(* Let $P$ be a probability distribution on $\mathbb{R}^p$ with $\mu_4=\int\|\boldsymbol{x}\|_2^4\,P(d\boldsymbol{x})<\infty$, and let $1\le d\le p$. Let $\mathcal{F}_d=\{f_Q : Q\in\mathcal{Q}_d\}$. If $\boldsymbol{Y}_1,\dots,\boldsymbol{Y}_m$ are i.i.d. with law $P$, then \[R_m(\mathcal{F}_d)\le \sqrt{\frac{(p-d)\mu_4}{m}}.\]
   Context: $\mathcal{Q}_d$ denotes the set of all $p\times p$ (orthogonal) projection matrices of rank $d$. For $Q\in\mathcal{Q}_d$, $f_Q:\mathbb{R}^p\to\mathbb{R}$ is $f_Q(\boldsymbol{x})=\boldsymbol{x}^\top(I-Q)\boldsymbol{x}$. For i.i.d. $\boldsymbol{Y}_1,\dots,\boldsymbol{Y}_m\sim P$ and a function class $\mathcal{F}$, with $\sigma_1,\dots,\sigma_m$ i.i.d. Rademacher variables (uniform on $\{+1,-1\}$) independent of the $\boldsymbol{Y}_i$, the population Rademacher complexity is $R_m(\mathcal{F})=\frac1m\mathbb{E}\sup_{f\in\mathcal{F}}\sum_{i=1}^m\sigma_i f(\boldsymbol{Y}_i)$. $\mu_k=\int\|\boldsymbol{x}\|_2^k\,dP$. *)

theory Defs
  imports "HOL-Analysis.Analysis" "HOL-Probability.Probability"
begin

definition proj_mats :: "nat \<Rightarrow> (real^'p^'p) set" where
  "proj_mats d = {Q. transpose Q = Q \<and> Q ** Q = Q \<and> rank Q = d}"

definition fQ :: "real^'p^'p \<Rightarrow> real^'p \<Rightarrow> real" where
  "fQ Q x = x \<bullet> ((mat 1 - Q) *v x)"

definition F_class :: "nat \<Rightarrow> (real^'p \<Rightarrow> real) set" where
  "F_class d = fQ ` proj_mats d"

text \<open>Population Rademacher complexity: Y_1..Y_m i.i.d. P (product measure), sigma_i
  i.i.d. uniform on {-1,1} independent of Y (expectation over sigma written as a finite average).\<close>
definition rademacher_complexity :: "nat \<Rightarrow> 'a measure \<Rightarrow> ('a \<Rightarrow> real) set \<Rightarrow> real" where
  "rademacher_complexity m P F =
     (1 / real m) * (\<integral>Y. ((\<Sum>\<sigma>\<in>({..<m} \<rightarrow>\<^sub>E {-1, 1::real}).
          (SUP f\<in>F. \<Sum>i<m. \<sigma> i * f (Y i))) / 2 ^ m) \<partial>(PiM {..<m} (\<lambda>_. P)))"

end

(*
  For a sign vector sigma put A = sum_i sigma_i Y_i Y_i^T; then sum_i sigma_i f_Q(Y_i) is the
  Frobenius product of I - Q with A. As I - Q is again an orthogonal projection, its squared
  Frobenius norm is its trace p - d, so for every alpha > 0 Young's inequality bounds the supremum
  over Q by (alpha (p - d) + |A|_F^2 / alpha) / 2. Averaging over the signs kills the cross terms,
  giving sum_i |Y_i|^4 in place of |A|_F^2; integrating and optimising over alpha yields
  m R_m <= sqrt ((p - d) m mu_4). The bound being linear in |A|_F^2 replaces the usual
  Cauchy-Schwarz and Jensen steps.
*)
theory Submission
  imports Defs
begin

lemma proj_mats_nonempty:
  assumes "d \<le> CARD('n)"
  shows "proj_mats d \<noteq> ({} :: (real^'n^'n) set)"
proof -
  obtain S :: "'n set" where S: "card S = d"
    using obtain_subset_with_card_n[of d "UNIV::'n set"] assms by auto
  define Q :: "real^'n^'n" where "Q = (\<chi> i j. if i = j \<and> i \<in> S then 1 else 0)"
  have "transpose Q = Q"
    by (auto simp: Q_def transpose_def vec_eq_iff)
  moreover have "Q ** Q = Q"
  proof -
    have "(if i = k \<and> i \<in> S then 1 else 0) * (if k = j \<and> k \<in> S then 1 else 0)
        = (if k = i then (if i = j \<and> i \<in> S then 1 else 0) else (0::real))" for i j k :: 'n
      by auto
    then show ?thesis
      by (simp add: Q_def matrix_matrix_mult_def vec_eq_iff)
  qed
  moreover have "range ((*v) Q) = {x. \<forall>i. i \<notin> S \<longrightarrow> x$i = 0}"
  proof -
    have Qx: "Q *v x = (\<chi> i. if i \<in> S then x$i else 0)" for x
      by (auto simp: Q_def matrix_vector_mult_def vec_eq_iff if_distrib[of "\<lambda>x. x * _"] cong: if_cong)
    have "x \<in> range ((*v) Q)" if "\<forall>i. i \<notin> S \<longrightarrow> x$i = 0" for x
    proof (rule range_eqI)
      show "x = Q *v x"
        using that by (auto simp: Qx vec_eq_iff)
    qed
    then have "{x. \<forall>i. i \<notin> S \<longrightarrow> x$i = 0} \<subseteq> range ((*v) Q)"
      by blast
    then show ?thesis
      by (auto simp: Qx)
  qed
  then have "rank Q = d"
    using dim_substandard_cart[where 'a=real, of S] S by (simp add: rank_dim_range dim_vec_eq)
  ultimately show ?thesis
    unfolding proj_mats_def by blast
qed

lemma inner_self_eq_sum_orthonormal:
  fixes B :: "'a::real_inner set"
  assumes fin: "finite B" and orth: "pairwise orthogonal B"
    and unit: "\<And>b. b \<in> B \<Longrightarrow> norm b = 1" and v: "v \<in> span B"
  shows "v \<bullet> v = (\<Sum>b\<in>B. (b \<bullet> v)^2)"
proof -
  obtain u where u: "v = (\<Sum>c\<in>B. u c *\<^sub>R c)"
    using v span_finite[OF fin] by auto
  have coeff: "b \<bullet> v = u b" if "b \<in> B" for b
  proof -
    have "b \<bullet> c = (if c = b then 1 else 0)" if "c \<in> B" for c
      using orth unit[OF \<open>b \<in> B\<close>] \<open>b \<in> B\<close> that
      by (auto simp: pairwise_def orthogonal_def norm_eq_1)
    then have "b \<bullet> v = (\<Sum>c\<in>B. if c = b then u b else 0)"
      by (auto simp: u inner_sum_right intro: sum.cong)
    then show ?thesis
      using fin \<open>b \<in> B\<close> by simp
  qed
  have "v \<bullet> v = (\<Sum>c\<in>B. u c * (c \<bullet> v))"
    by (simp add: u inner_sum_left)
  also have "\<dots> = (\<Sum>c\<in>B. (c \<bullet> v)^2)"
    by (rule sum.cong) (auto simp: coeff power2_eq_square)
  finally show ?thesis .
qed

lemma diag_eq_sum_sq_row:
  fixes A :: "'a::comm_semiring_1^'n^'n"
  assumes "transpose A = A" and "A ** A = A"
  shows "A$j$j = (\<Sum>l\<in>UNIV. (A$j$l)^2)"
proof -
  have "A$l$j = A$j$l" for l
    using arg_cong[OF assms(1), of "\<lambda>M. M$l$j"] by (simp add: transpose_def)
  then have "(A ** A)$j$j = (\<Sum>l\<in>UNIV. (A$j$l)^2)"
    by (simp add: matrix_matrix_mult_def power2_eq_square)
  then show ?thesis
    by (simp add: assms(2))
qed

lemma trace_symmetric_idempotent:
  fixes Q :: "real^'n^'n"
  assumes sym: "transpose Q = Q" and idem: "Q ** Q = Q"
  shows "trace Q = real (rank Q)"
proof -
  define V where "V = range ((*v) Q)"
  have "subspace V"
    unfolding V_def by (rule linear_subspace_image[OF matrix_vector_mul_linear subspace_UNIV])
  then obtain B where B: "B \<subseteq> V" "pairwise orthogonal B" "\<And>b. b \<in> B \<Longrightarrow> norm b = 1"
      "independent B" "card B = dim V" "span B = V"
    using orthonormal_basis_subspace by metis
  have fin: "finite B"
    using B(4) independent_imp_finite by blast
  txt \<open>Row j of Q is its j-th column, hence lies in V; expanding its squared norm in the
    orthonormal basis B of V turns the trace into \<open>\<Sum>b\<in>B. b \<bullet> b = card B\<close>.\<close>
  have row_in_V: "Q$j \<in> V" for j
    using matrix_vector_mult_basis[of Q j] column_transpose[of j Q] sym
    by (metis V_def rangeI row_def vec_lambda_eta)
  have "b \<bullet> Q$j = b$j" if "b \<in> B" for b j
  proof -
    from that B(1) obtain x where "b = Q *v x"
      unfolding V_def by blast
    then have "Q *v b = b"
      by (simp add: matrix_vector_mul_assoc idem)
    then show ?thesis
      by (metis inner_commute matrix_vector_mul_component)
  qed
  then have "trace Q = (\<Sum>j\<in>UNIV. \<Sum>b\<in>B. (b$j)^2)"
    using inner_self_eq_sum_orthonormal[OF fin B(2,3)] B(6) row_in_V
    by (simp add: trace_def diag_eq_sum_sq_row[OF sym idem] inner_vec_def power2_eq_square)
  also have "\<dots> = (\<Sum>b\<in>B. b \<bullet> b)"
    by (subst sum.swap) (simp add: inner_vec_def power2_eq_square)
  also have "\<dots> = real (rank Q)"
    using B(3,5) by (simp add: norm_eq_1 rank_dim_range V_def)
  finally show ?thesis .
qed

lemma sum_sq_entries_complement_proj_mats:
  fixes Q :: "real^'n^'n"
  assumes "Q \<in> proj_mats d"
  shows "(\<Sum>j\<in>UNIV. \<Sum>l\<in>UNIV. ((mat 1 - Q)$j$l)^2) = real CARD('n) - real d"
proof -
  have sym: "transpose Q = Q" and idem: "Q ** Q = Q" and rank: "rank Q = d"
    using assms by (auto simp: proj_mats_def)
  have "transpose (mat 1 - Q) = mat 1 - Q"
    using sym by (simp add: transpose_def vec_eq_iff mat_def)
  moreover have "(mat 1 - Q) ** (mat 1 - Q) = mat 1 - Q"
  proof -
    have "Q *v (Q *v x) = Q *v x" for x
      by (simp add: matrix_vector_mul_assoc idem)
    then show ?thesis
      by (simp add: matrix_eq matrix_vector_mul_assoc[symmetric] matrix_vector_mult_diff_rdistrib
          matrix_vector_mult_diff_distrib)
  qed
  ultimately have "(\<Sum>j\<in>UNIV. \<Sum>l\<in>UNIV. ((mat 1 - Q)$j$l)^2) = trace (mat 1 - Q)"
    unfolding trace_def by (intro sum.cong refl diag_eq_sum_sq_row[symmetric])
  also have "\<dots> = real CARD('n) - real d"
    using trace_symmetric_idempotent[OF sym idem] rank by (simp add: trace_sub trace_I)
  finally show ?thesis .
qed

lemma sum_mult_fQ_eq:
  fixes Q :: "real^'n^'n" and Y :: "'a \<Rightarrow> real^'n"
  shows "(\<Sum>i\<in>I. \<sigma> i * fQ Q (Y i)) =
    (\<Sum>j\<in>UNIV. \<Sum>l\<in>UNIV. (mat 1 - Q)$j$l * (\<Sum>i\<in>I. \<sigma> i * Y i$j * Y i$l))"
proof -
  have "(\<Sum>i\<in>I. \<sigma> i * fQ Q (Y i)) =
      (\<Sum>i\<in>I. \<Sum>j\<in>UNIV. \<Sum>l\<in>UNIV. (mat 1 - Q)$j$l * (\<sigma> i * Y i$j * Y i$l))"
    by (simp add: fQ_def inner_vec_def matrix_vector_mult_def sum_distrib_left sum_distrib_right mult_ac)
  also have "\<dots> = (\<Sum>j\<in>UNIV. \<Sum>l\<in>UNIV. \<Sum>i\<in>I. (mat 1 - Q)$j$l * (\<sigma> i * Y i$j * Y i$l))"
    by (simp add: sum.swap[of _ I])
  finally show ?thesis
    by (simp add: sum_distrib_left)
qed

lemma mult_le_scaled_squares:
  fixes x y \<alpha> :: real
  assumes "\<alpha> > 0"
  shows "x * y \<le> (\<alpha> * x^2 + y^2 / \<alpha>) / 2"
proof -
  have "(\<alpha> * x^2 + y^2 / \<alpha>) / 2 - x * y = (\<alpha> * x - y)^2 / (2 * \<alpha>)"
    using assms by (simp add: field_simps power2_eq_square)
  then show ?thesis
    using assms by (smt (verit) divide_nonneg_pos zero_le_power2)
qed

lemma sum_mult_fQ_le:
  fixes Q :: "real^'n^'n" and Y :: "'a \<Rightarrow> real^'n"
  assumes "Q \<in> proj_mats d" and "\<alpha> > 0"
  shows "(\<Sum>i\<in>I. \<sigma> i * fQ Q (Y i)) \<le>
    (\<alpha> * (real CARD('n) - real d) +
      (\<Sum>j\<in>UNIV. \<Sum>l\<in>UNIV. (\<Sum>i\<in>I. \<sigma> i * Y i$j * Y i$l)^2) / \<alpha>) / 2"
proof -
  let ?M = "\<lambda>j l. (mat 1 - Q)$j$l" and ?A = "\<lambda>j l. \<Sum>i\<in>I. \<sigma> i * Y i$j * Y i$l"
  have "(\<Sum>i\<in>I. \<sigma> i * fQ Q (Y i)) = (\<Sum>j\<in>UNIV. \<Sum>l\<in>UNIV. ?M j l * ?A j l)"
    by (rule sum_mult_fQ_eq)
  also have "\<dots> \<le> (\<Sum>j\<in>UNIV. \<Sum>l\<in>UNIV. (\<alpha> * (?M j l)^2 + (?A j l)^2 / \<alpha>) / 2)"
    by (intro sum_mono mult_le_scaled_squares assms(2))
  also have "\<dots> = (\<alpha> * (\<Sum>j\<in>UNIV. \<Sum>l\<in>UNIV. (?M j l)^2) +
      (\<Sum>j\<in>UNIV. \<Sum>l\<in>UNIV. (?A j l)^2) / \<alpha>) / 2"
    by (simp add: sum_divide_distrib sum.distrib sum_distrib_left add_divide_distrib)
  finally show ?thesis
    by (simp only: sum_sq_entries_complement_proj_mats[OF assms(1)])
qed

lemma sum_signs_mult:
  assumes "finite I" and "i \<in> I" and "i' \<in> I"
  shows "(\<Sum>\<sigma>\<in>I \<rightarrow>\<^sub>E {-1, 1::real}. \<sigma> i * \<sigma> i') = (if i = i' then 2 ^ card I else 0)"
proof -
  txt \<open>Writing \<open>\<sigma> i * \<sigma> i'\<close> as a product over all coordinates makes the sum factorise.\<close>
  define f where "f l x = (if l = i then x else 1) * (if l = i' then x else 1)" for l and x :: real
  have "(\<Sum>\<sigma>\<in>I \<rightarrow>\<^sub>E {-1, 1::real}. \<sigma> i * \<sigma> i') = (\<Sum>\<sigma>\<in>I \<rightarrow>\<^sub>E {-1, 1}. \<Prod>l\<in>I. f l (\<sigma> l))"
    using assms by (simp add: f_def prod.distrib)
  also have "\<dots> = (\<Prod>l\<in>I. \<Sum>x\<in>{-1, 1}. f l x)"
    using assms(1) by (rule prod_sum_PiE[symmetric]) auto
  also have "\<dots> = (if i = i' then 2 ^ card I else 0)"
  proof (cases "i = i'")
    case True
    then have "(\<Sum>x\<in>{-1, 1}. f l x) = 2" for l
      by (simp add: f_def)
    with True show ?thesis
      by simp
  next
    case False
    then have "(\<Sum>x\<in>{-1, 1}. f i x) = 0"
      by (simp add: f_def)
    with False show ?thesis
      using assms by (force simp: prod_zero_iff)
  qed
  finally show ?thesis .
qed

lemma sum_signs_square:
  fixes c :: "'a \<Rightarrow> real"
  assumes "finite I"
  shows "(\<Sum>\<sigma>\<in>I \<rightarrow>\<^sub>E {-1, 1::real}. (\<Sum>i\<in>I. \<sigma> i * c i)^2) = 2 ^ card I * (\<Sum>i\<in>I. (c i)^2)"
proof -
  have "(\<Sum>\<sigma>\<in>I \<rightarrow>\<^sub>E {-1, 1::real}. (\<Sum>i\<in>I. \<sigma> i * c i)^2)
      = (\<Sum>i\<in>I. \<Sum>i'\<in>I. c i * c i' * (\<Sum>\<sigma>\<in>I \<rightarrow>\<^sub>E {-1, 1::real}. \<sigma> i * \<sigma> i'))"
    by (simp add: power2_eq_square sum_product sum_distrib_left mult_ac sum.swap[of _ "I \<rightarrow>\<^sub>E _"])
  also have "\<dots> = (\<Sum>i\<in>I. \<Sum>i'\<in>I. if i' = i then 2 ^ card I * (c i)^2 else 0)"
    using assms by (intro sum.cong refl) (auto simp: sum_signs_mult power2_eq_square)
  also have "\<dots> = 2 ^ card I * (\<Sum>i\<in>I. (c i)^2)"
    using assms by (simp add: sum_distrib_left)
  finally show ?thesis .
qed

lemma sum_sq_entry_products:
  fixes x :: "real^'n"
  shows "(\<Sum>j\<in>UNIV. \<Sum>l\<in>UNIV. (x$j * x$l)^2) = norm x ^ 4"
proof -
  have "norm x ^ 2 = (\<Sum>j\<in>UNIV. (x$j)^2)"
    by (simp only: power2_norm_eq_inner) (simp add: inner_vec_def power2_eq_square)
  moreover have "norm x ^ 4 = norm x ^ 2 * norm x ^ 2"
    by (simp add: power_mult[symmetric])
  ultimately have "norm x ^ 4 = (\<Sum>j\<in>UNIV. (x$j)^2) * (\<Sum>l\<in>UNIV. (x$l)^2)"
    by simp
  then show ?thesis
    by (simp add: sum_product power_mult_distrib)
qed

========

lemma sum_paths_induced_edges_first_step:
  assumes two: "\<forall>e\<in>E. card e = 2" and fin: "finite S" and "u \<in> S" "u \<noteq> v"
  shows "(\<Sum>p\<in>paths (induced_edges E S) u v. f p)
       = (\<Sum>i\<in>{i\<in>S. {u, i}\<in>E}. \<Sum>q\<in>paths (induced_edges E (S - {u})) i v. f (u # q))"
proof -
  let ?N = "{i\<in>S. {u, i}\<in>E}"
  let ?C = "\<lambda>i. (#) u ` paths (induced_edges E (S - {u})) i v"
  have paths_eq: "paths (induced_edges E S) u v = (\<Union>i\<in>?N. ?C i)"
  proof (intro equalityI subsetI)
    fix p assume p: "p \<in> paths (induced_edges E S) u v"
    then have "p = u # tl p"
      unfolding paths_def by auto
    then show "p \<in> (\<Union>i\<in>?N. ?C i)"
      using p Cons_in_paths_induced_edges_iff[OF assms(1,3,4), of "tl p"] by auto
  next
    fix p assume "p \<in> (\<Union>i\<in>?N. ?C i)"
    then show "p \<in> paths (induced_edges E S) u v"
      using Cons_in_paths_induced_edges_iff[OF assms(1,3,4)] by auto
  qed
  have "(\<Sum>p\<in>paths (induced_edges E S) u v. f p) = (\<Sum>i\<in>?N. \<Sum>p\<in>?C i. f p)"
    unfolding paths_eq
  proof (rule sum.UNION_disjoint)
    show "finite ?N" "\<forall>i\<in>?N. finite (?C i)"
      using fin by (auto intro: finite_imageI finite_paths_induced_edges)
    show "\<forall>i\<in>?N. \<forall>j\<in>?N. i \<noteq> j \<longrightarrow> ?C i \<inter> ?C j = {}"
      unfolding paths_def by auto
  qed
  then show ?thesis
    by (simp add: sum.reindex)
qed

========

WHAT IS REQUIRED
What lines in the listing above contain the word "refl"? Show each one.

WRITTEN RESPONSE
    unfolding trace_def by (intro sum.cong refl diag_eq_sum_sq_row[symmetric])
    using assms by (intro sum.cong refl) (auto simp: sum_signs_mult power2_eq_square)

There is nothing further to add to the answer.